(* Under the standing setup, assume that $f$ is bounded, i.e. $\sup_{q\in\mathcal P}\|f_q\|_\infty<\infty$. Then for all $t\ge0$ and $u_0\in\mathbb R^d$, $\|\mathscr S(t)u_0-u_0\|_\infty\le t\sup_{q\in\mathcal P}\|qu_0+f_q\|_\infty,$ and for all $s,t\ge0$, $\|\mathscr S(t)u_0-\mathscr S(s)u_0\|_\infty\le|t-s|\sup_{q\in\mathcal P}\|qu_0+f_q\|_\infty$. In particular $t\mapsto\mathscr S(t)u_0$ is Lipschitz continuous.
   Context: Standing setup: $d\in\mathbb N$; vectors in $\mathbb R^d$ with $\|u\|_\infty=\max_i|u_i|$; inequalities and suprema of vectors are componentwise; reals are identified with constant vectors. A $Q$-matrix is $q\in\mathbb R^{d\times d}$ with $q_{ii}\le0$, $q_{ij}\ge0$ ($i\ne j$), $\sum_jq_{ij}=0$. Let $\mathcal P$ be a set of $Q$-matrices and $f=(f_q)_{q\in\mathcal P}\subset\mathbb R^d$ with $\sup_{q\in\mathcal P}f_q=f_{q_0}=0$ for some $q_0\in\mathcal P$, such that $\mathcal Qu:=\sup_{q\in\mathcal P}(qu+f_q)$ is finite for every $u\in\mathbb R^d$. For $q\in\mathcal P$, $t\ge0$: $S_q(t)u_0:=e^{tq}u_0+\int_0^te^{sq}f_q\,ds$. For $h\ge0$: $\mathcal E_hu_0:=\sup_{q\in\mathcal P}S_q(h)u_0$. $P$ is the set of finite subsets $\pi\subset[0,\infty)$ with $0\in\pi$; $P_t:=\{\pi\in P:\max\pi=t\}$. For $\pi=\{t_0,\dots,t_m\}$ with $0=t_0<\dots<t_m$, $m\ge1$, $\mathcal E_\pi:=\mathcal E_{t_1-t_0}\circ\cdots\circ\mathcal E_{t_m-t_{m-1}}$, and $\mathcal E_{\{0\}}:=\mathcal E_0$. The Nisio semigroup of $(\mathcal P,f)$ is $\mathscr S(t)u_0:=\sup_{\pi\in P_t}\mathcal E_\pi u_0$ for $t\ge0$, $u_0\in\mathbb R^d$. *)

theory Defs
  imports "HOL-Analysis.Analysis"
begin

definition is_Q_matrix :: "real^'n^'n \<Rightarrow> bool" where
  "is_Q_matrix q \<longleftrightarrow> (\<forall>i. q$i$i \<le> 0) \<and> (\<forall>i j. i \<noteq> j \<longrightarrow> q$i$j \<ge> 0)
      \<and> (\<forall>i. (\<Sum>j\<in>UNIV. q$i$j) = 0)"

definition mpow :: "real^'n^'n \<Rightarrow> nat \<Rightarrow> real^'n^'n" where
  "mpow A k = (((**) A) ^^ k) (mat 1)"

definition mexp :: "real^'n^'n \<Rightarrow> real^'n^'n" where
  "mexp A = (\<Sum>k. (1 / (fact k :: real)) *\<^sub>R mpow A k)"

definition supnorm :: "real^'n \<Rightarrow> real" where
  "supnorm u = Max (range (\<lambda>i. \<bar>u$i\<bar>))"

definition Ssol :: "real^'n^'n \<Rightarrow> real^'n \<Rightarrow> real \<Rightarrow> real^'n \<Rightarrow> real^'n" where
  "Ssol q fq t u0 = mexp (t *\<^sub>R q) *v u0 + integral {0..t} (\<lambda>s. mexp (s *\<^sub>R q) *v fq)"

definition Eop :: "(real^'n^'n) set \<Rightarrow> (real^'n^'n \<Rightarrow> real^'n) \<Rightarrow> real \<Rightarrow> real^'n \<Rightarrow> real^'n" where
  "Eop P f h u0 = (\<chi> i. SUP q\<in>P. (Ssol q (f q) h u0) $ i)"

definition partitions :: "real \<Rightarrow> real set set" where
  "partitions t = {\<pi>. finite \<pi> \<and> \<pi> \<subseteq> {0..} \<and> 0 \<in> \<pi> \<and> Max \<pi> = t}"

definition increments :: "real set \<Rightarrow> real list" where
  "increments \<pi> = (let xs = sorted_list_of_set \<pi> in map (\<lambda>(a,b). b - a) (zip xs (tl xs)))"

definition Epart :: "(real^'n^'n) set \<Rightarrow> (real^'n^'n \<Rightarrow> real^'n) \<Rightarrow> real set \<Rightarrow> real^'n \<Rightarrow> real^'n" where
  "Epart P f \<pi> u0 = (if increments \<pi> = [] then Eop P f 0 u0
                      else foldr (Eop P f) (increments \<pi>) u0)"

- [WORK REQUIRED]
Set the records above down again, exactly as they read.

- [YOUR RESPONSE]
(* Under the standing setup, assume that $f$ is bounded, i.e. $\sup_{q\in\mathcal P}\|f_q\|_\infty<\infty$. Then for all $t\ge0$ and $u_0\in\mathbb R^d$, $\|\mathscr S(t)u_0-u_0\|_\infty\le t\sup_{q\in\mathcal P}\|qu_0+f_q\|_\infty,$ and for all $s,t\ge0$, $\|\mathscr S(t)u_0-\mathscr S(s)u_0\|_\infty\le|t-s|\sup_{q\in\mathcal P}\|qu_0+f_q\|_\infty$. In particular $t\mapsto\mathscr S(t)u_0$ is Lipschitz continuous.
   Context: Standing setup: $d\in\mathbb N$; vectors in $\mathbb R^d$ with $\|u\|_\infty=\max_i|u_i|$; inequalities and suprema of vectors are componentwise; reals are identified with constant vectors. A $Q$-matrix is $q\in\mathbb R^{d\times d}$ with $q_{ii}\le0$, $q_{ij}\ge0$ ($i\ne j$), $\sum_jq_{ij}=0$. Let $\mathcal P$ be a set of $Q$-matrices and $f=(f_q)_{q\in\mathcal P}\subset\mathbb R^d$ with $\sup_{q\in\mathcal P}f_q=f_{q_0}=0$ for some $q_0\in\mathcal P$, such that $\mathcal Qu:=\sup_{q\in\mathcal P}(qu+f_q)$ is finite for every $u\in\mathbb R^d$. For $q\in\mathcal P$, $t\ge0$: $S_q(t)u_0:=e^{tq}u_0+\int_0^te^{sq}f_q\,ds$. For $h\ge0$: $\mathcal E_hu_0:=\sup_{q\in\mathcal P}S_q(h)u_0$. $P$ is the set of finite subsets $\pi\subset[0,\infty)$ with $0\in\pi$; $P_t:=\{\pi\in P:\max\pi=t\}$. For $\pi=\{t_0,\dots,t_m\}$ with $0=t_0<\dots<t_m$, $m\ge1$, $\mathcal E_\pi:=\mathcal E_{t_1-t_0}\circ\cdots\circ\mathcal E_{t_m-t_{m-1}}$, and $\mathcal E_{\{0\}}:=\mathcal E_0$. The Nisio semigroup of $(\mathcal P,f)$ is $\mathscr S(t)u_0:=\sup_{\pi\in P_t}\mathcal E_\pi u_0$ for $t\ge0$, $u_0\in\mathbb R^d$. *)

theory Defs
  imports "HOL-Analysis.Analysis"
begin

definition is_Q_matrix :: "real^'n^'n \<Rightarrow> bool" where
  "is_Q_matrix q \<longleftrightarrow> (\<forall>i. q$i$i \<le> 0) \<and> (\<forall>i j. i \<noteq> j \<longrightarrow> q$i$j \<ge> 0)
      \<and> (\<forall>i. (\<Sum>j\<in>UNIV. q$i$j) = 0)"

definition mpow :: "real^'n^'n \<Rightarrow> nat \<Rightarrow> real^'n^'n" where
  "mpow A k = (((**) A) ^^ k) (mat 1)"

definition mexp :: "real^'n^'n \<Rightarrow> real^'n^'n" where
  "mexp A = (\<Sum>k. (1 / (fact k :: real)) *\<^sub>R mpow A k)"

definition supnorm :: "real^'n \<Rightarrow> real" where
  "supnorm u = Max (range (\<lambda>i. \<bar>u$i\<bar>))"

definition Ssol :: "real^'n^'n \<Rightarrow> real^'n \<Rightarrow> real \<Rightarrow> real^'n \<Rightarrow> real^'n" where
  "Ssol q fq t u0 = mexp (t *\<^sub>R q) *v u0 + integral {0..t} (\<lambda>s. mexp (s *\<^sub>R q) *v fq)"

definition Eop :: "(real^'n^'n) set \<Rightarrow> (real^'n^'n \<Rightarrow> real^'n) \<Rightarrow> real \<Rightarrow> real^'n \<Rightarrow> real^'n" where
  "Eop P f h u0 = (\<chi> i. SUP q\<in>P. (Ssol q (f q) h u0) $ i)"

definition partitions :: "real \<Rightarrow> real set set" where
  "partitions t = {\<pi>. finite \<pi> \<and> \<pi> \<subseteq> {0..} \<and> 0 \<in> \<pi> \<and> Max \<pi> = t}"

definition increments :: "real set \<Rightarrow> real list" where
  "increments \<pi> = (let xs = sorted_list_of_set \<pi> in map (\<lambda>(a,b). b - a) (zip xs (tl xs)))"

definition Epart :: "(real^'n^'n) set \<Rightarrow> (real^'n^'n \<Rightarrow> real^'n) \<Rightarrow> real set \<Rightarrow> real^'n \<Rightarrow> real^'n" where
  "Epart P f \<pi> u0 = (if increments \<pi> = [] then Eop P f 0 u0
                      else foldr (Eop P f) (increments \<pi>) u0)"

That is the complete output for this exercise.